I can see OP has her med3, but for info Employers have been told to allow more time than usual for med3 certificates or letters informing then the patient has been advised to self-isolate etc, to allow for this situation.
Most employers will want the original copy and so emailed copies are not done- also it takes up more time to scan and send the email. Posting means someone else has to go to the post office, which again is being avoided unless no other choice. I’m surprised the surgery allowed you in. I’m a dr and good friends are GP’s- their surgeries are entry only if absolutely necessary and by prior appointment, doors locked to prevent people wandering in (as this was happening despite warnings on the door). However, I suppose they have their own procedures in place.
As for the GP seeming quiet, I think you just aren’t seeing the activity going on- fewer patients in the building is to be expected but the GP’s and their staff will be still be busy. They won’t be sitting twiddling thumbs!
I know at our surgery, and those my friends work in, that patients wanting seen are getting telephone triage by a GP, those needing to be seen will get an appointment. Important chronic disease management (e.g. bloods for patients taking immunosuppressive medication) will still be being done but trying to separate times to minimise patient contact and allow cleaning of room etc. There is also A LOT of behind the scenes work- e.g. summaries for high risk patients to be released to out of hours/a&e/hospital and paramedics. This has to be done manually for each patient. We are asking GP’s to try and sort out Anticipatory care plans for the frail elderly, make sure NOK details are up to date and so on. This all takes time.

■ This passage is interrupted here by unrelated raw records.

lemma field_power_card_minus_1:
  fixes x :: "'a::{finite,field}"
  assumes "x \<noteq> 0"
  shows "x ^ (card (UNIV :: 'a set) - 1) = 1"
proof -
  define G :: "'a monoid" where "G = \<lparr>carrier = UNIV - {0}, monoid.mult = (*), one = 1\<rparr>"
  interpret G: group G
  proof (rule groupI)
    fix y assume "y \<in> carrier G"
    then show "\<exists>z\<in>carrier G. z \<otimes>\<^bsub>G\<^esub> y = \<one>\<^bsub>G\<^esub>"
      by (intro bexI[of _ "inverse y"]) (auto simp: G_def)
  qed (auto simp: G_def mult.assoc)
  have "y [^]\<^bsub>G\<^esub> n = y ^ n" for y and n :: nat
    by (induction n) (simp_all add: G_def)
  then show ?thesis
    using G.pow_order_eq_1[of x] assms by (simp add: G_def order_def card_Diff_singleton)
qed

lemma field_power_card_eq_self:
  fixes x :: "'a::{finite,field}"
  shows "x ^ (card (UNIV :: 'a set)) = x"
proof (cases "x = 0")
  case False
  have "card (UNIV :: 'a set) = Suc (card (UNIV :: 'a set) - 1)"
    using finite_UNIV_card_ge_0[where 'a = 'a] by simp
  then have "x ^ (card (UNIV :: 'a set)) = x * x ^ (card (UNIV :: 'a set) - 1)"
    by (metis power_Suc)
  then show ?thesis
    using field_power_card_minus_1[OF False] by simp
qed (simp add: finite_UNIV_card_ge_0)

lemma field_card_ge_2: "2 \<le> card (UNIV :: 'a::{finite,field} set)"
proof -
  have "card {0, 1 :: 'a} \<le> card (UNIV :: 'a set)"
    by (rule card_mono) simp_all
  then show ?thesis
    by simp
qed

lemma card_roots_of_unity:
  assumes "d dvd card (UNIV :: 'a::{finite,field} set) - 1"
  shows "card {x :: 'a. x ^ d = 1} = d"
proof (rule antisym)
  obtain e where e: "card (UNIV :: 'a set) - 1 = d * e"
    using assms by blast
  then have "0 < d" "0 < e"
    using field_card_ge_2[where 'a = 'a] by (auto intro!: Nat.gr0I)
  from \<open>0 < d\<close> show "card {x :: 'a. x ^ d = 1} \<le> d"
    by (rule card_power_eq_le)
  have "(\<lambda>x. x ^ e) ` (UNIV - {0}) \<subseteq> {x :: 'a. x ^ d = 1}"
    using field_power_card_minus_1 by (auto simp: mult.commute[of e d] e[symmetric] simp flip: power_mult)
  then have "card ((\<lambda>x. x ^ e) ` (UNIV - {0 :: 'a})) \<le> card {x :: 'a. x ^ d = 1}"
    by (rule card_mono[rotated]) simp
  moreover have "card (UNIV - {0 :: 'a}) \<le> e * card ((\<lambda>x. x ^ e) ` (UNIV - {0 :: 'a}))"
  proof (rule card_le_mult_card_image)
    fix y :: 'a
    have "card {x \<in> UNIV - {0}. x ^ e = y} \<le> card {x. x ^ e = y}"
      by (rule card_mono) auto
    also have "\<dots> \<le> e"
      using \<open>0 < e\<close> by (rule card_power_eq_le)
    finally show "card {x \<in> UNIV - {0}. x ^ e = y} \<le> e" .
  qed simp
  ultimately have "d * e \<le> e * card {x :: 'a. x ^ d = 1}"
    using e by (simp add: card_Diff_singleton) (meson le_trans mult_le_mono2)
  then show "d \<le> card {x :: 'a. x ^ d = 1}"
    using \<open>0 < e\<close> by (simp add: mult.commute)
qed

Key information summaries normally need individual consent to release to secondary care and ambulance service (these summaries tell us in secondary care about repeat and acutely prescribed medications, any recorded allergies, key diagnoses, who is recorded next of kin and their details, does the patient have a DNACPR/subject to peer of attorney and so on). If you are admitted and unable to tell us/ we can’t find out from your family quickly, this information could prove vital. This need for usual consent has been temporarily suspended, but still has to be recorded that this is the case and manually released. My friends surgery has done nearly 2000 of these in the last few day’s- very labour intensive.
GP’s are also being pulled from their surgeries to help man local covid response/assessment. They will have staff absences, including nurses and GP’s. They are having to navigate the new pathways and protocols, creating some for their surgeries/staff etc. All adding to workload. Please don’t assume your GP’s are quiet.